Jinming Cao1, Bin Zhao2 *
1School of Information and Mathematics, Yangtze University, Jingzhou, Hubei, China 2School of Science, Hubei University of Technology, Wuhan, Hubei, China
*Corresponding author: Dr. Bin Zhao, School of Science, Hubei University of Technology, Wuhan, Hubei, China Tel./Fax: +86 130 2851 7572
Abstract
Background
Since the first appearance of novel coronavirus (COVID-19) in Wuhan in December 2019, it has quickly swept the world and become a major security accident facing humanity nowadays. While threatening people’s lives, the economies of various countries have also been severely damaged because of the epidemic. Because of the epidemic, it leading to the closure of a large number of companies, employment is becoming more difficult and people’s lives have been greatly affected. So, to the Hubei Province, where the COVID-19 first broke out, and the United States, the most severely affected area, we establish time series models to analyze the spread of the new coronavirus and short-term forecasts. This will help countries better understand the development trend of the epidemic, and make better preparations, timely intervention and treatment to prevent the further spread of thevirus.
Methods
The data that collected from Hubei Province from 20 January, 2020 to 28 April, 2020 includes the cumulative confirmed diagnoses, death and cure [1]. We use Excel to organize the data first, and then use SPSS to establish time series models and statistical analysis. Because there is no problem of missing data, so we define the day as the time variable, make time series graphs and observe the overall change rule. We remove the outliers, then use the SPSS expert modeler to automatically find the best fitting model for each dependent sequence, and predict by designating the independent variable and setting the width of the confidence interval to 95%. ACF and PACF graphs of residuals and Q test are used to determine whether the residual is a white noise sequence and whether the model is an appropriate model.
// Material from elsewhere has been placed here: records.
(* Let $(P_C)=\{(s_1,t_1),\dots,(s_k,t_k)\}$ be an $E$-unification problem with simple variable restriction, whose variables are $X\cup C$ with $X\cap C=\emptyset$, and let $\mathcal A=\mathbf F(X\cup C)/\theta$, where $\theta$ is the congruence generated by the pairs $(s_j,t_j)$, viewed as a regular subobject $\mathcal A^*$ of $\mathbf F(X)^*\times\mathbf F(C)^*\cong\mathbf F(X\cup C)^*$ in $\mathsf{Alg}^{op}_{fp}(E)$. Then the antisymmetric quotients (posetal reflections) of the preordered sets $U^{svr}_E(\mathcal A,C)$ and $U^{svr}_E(P_C)$ are isomorphic as posets.
   Context: $E$ is an equational theory in a signature $\mathcal L$ with at least one constant; $\mathbf F(Y)$ is the free $E$-algebra on a finite set $Y$, and $\mathsf{Alg}^{op}_{fp}(E)$ the opposite of the category of finitely presented $E$-algebras, with $\mathcal B^*$, $f^*$ denoting the formal duals of algebras and homomorphisms; products in it are dual to coproducts, so $\mathbf F(X)^*\times\mathbf F(C)^*\cong\mathbf F(X\cup C)^*$, and regular subobjects of $\mathcal B^*$ correspond to finitely presented quotients of $\mathcal B$. Symbolic side: a substitution $\sigma$ is $C$-invariant if $\sigma(c)=c$ for $c\in C$ and $\sigma(x)$ contains no variable from $C$ for $x\notin C$; $U^{svr}_E(P_C)$ is the set of $C$-invariant substitutions $\sigma$ with domain $Fm_{\mathcal L}(X\cup C)$ such that $\sigma(s_j)=_E\sigma(t_j)$ for all $j$ (where $=_E$ means equality provable in $E$), preordered by: $\tau\le_C\sigma$ iff $\tau=_E\theta\circ\sigma$ for some substitution $\theta$. Algebraic side: $U^{svr}_E(\mathcal A,C)$ is the set of homomorphisms $\sigma:\mathbf F(X)\to\mathbf F(Z)$ ($Z$ finite) such that $\sigma^*\times 1:\mathbf F(Z)^*\times\mathbf F(C)^*\to\mathbf F(X)^*\times\mathbf F(C)^*$ factors through the mono $\mathcal A^*\hookrightarrow\mathbf F(X)^*\times\mathbf F(C)^*$ (equivalently $\sigma+1:\mathbf F(X\cup C)\to\mathbf F(Z\cup C)$ factors through the quotient $\mathbf F(X\cup C)\to\mathcal A$), preordered by: $\gamma:\mathbf F(X)\to\mathbf F(W)$ is below $\sigma$ iff $k\circ\sigma=\gamma$ for some homomorphism $k:\mathbf F(Z)\to\mathbf F(W)$. *)

theory Defs
  imports Main
begin

datatype ('f, 'v) trm = Var 'v | Fn 'f "('f, 'v) trm list"

fun vars :: "('f, 'v) trm \<Rightarrow> 'v set" where
  "vars (Var v) = {v}"
| "vars (Fn f ts) = (\<Union>t\<in>set ts. vars t)"

fun wf_trm :: "('f \<Rightarrow> nat) \<Rightarrow> ('f, 'v) trm \<Rightarrow> bool" where
  "wf_trm ar (Var v) = True"
| "wf_trm ar (Fn f ts) = (length ts = ar f \<and> (\<forall>t\<in>set ts. wf_trm ar t))"

fun subst :: "('v \<Rightarrow> ('f, 'w) trm) \<Rightarrow> ('f, 'v) trm \<Rightarrow> ('f, 'w) trm" where
  "subst \<sigma> (Var v) = \<sigma> v"
| "subst \<sigma> (Fn f ts) = Fn f (map (subst \<sigma>) ts)"

inductive eqE :: "('f \<Rightarrow> nat) \<Rightarrow> (('f, 'v) trm \<times> ('f, 'v) trm) set
                   \<Rightarrow> ('f, 'v) trm \<Rightarrow> ('f, 'v) trm \<Rightarrow> bool"
  for ar E where
  refl: "wf_trm ar t \<Longrightarrow> eqE ar E t t"
| sym: "eqE ar E s t \<Longrightarrow> eqE ar E t s"
| trans: "eqE ar E s t \<Longrightarrow> eqE ar E t u \<Longrightarrow> eqE ar E s u"
| ax: "(l, r) \<in> E \<Longrightarrow> (\<forall>v. wf_trm ar (\<sigma> v)) \<Longrightarrow> eqE ar E (subst \<sigma> l) (subst \<sigma> r)"
| cong: "length ss = ar f \<Longrightarrow> list_all2 (eqE ar E) ss ts \<Longrightarrow> eqE ar E (Fn f ss) (Fn f ts)"

record ('f, 'a) alg =
  acarrier :: "'a set"
  aop :: "'f \<Rightarrow> 'a list \<Rightarrow> 'a"

definition hom :: "('f \<Rightarrow> nat) \<Rightarrow> ('f, 'a) alg \<Rightarrow> ('f, 'b) alg \<Rightarrow> ('a \<Rightarrow> 'b) \<Rightarrow> bool" where
  "hom ar A B h \<longleftrightarrow> (\<forall>a\<in>acarrier A. h a \<in> acarrier B) \<and>
     (\<forall>f as. length as = ar f \<longrightarrow> set as \<subseteq> acarrier A \<longrightarrow>
        h (aop A f as) = aop B f (map h as))"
The Holt model is used for the cumulative confirmed diagnoses [2] in Hubei Province, and the ARIMA (1,2,0) model is used for cumulative cures and deaths [3] in Hubei Province. Because the outbreak in the United States is later than China, we collect data from 29 February, 2020 to 28 April, 2020 [4], which also includes the cumulative confirmed diagnoses, deaths and cures. The ARIMA (2,2,6) model is used for cumulative diagnoses in U.S., the ARIMA (0,2,0) model is used for cumulative deaths in U.S., and the ARIMA (0,2,1) model is used for cumulative cures in U.S.
Findings
From our modeling of the data, the time series diagrams of the real the fitted data almost overlap, so the fitting effect of the Holt model and the ARIMA model we use is very suitable. We compare the predicted values with the real values of the same period and found that the epidemic situation in Hubei Province has basically ended after May, but the epidemic situation in the United States has become more severe after May, so the Holt model and the ARIMA model are also very appropriate in predicting the epidemic situation in short-term.
Interpretation
Because the Chinese government has always put the safety of people’s lives in the first place, when the epidemic broke out, it decisively closed the city of Hubei Province.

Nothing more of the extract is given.